* WHAT THE TASK REQUIRES
Each line below that contains "rule" should be counted. Give only the total.

* INFORMATION GIVEN
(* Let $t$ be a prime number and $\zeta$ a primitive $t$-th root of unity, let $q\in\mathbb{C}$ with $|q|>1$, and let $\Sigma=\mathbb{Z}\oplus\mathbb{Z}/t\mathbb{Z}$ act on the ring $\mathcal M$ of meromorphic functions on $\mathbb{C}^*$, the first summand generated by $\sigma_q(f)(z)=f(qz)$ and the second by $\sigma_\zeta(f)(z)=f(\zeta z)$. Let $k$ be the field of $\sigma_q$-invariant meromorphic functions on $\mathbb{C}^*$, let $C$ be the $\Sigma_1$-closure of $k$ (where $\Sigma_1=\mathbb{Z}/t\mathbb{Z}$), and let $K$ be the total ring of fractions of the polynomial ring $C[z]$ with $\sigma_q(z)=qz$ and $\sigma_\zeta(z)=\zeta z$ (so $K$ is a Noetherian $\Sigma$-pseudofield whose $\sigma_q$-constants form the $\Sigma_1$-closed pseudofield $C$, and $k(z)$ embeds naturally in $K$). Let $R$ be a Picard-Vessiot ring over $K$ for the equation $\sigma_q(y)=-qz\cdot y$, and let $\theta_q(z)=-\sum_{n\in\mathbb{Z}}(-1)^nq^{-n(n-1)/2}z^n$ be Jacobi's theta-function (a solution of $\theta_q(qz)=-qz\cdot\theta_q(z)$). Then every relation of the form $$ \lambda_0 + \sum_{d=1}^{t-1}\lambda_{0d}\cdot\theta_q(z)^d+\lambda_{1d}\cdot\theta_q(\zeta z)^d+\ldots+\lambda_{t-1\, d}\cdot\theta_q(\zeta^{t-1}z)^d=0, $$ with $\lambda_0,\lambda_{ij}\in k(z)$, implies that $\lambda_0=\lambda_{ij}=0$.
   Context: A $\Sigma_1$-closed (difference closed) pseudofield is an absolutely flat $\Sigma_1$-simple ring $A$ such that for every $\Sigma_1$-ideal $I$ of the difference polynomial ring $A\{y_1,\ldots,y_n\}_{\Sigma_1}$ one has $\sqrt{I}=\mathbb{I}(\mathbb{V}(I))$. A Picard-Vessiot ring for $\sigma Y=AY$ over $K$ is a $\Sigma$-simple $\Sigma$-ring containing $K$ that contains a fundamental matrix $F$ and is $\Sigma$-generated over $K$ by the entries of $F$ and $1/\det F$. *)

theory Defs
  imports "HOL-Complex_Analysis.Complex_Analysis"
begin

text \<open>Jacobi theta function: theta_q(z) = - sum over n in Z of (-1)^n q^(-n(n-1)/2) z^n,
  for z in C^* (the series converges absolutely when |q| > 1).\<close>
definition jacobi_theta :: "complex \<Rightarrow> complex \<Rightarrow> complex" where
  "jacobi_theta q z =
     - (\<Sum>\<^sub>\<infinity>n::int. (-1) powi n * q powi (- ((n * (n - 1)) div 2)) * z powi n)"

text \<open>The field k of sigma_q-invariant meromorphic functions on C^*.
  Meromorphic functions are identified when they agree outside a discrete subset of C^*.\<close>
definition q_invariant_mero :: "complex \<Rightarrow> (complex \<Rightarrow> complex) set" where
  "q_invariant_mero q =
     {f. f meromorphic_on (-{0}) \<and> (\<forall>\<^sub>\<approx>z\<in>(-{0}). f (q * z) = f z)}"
--
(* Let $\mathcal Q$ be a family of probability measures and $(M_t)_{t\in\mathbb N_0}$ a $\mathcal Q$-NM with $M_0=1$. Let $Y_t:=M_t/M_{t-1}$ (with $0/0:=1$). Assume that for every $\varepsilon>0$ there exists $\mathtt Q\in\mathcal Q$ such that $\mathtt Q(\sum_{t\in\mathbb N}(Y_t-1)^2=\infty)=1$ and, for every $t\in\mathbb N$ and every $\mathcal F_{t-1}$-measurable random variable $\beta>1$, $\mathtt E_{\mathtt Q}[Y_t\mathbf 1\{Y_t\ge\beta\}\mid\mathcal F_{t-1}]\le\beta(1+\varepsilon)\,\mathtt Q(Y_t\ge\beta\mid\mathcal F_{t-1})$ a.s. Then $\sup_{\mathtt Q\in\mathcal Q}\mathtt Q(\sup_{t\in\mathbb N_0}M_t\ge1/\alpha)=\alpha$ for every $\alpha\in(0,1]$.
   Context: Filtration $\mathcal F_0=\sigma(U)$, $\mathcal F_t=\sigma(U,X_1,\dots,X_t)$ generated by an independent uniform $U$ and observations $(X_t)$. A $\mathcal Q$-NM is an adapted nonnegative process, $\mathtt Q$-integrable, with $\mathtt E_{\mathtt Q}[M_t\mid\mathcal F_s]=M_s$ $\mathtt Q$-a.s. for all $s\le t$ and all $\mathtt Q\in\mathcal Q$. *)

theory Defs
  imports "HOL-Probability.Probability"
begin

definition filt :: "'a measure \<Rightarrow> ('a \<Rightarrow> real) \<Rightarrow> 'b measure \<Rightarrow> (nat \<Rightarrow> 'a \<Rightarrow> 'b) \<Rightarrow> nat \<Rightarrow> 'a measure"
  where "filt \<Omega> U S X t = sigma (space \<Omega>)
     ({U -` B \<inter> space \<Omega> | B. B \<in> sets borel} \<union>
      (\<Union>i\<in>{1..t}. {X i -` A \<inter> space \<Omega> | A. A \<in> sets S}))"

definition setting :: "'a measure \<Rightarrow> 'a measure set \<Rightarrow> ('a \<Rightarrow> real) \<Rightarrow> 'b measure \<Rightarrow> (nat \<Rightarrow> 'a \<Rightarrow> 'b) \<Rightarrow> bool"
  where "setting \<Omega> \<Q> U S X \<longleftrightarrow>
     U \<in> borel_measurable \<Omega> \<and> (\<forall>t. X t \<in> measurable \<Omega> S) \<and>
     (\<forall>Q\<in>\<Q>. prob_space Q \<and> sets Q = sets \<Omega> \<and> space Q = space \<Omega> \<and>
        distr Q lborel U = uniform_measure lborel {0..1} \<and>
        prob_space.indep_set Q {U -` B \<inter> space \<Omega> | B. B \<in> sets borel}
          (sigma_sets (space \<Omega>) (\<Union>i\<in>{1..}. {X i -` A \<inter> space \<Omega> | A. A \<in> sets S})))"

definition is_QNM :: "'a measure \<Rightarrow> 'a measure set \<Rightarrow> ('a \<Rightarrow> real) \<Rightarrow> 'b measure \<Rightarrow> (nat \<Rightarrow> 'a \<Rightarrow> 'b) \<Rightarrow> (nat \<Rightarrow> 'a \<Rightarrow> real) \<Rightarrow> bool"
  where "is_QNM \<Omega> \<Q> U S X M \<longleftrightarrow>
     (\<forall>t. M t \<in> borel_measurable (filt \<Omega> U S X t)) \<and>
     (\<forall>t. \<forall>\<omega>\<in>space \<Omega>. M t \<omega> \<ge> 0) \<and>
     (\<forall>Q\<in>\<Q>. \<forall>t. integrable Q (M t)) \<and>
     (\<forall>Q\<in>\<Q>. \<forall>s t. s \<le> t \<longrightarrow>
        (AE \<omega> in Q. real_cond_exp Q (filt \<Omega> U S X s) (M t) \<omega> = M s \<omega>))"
* * *
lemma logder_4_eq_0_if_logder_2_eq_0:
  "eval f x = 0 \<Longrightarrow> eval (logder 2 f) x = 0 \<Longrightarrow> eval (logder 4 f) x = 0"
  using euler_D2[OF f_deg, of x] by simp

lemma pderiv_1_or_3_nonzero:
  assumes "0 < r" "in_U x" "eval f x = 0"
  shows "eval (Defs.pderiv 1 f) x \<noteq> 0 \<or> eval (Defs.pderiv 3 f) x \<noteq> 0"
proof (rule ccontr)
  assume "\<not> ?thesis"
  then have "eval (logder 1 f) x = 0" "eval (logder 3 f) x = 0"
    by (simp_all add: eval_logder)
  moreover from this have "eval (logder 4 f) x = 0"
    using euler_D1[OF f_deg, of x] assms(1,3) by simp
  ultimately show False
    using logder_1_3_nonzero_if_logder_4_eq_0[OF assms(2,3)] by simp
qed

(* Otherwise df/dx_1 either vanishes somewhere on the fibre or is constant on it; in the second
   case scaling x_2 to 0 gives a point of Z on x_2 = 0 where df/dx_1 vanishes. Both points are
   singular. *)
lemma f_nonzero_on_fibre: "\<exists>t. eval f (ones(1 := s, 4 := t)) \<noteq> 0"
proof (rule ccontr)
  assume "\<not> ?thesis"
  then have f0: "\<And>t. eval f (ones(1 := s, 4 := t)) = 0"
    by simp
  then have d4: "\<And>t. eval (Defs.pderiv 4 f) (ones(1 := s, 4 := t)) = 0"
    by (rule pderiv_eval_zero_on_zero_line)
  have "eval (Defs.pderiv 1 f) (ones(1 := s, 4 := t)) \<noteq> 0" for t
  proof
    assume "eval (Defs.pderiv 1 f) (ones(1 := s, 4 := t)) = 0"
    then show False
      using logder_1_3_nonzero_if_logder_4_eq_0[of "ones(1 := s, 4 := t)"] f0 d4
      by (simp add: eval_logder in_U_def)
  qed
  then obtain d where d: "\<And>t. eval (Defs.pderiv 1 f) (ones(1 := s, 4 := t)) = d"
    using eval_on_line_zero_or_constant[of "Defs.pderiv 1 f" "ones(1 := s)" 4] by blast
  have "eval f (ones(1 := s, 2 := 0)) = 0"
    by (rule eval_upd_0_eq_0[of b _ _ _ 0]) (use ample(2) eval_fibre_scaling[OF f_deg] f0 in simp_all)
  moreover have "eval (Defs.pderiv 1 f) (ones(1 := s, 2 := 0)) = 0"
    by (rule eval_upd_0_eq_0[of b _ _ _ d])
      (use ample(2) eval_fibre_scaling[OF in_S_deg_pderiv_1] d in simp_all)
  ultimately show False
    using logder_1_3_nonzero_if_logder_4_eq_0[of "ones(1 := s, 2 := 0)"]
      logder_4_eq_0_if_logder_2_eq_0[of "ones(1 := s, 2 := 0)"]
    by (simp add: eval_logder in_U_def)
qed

* TASK RESPONSE
5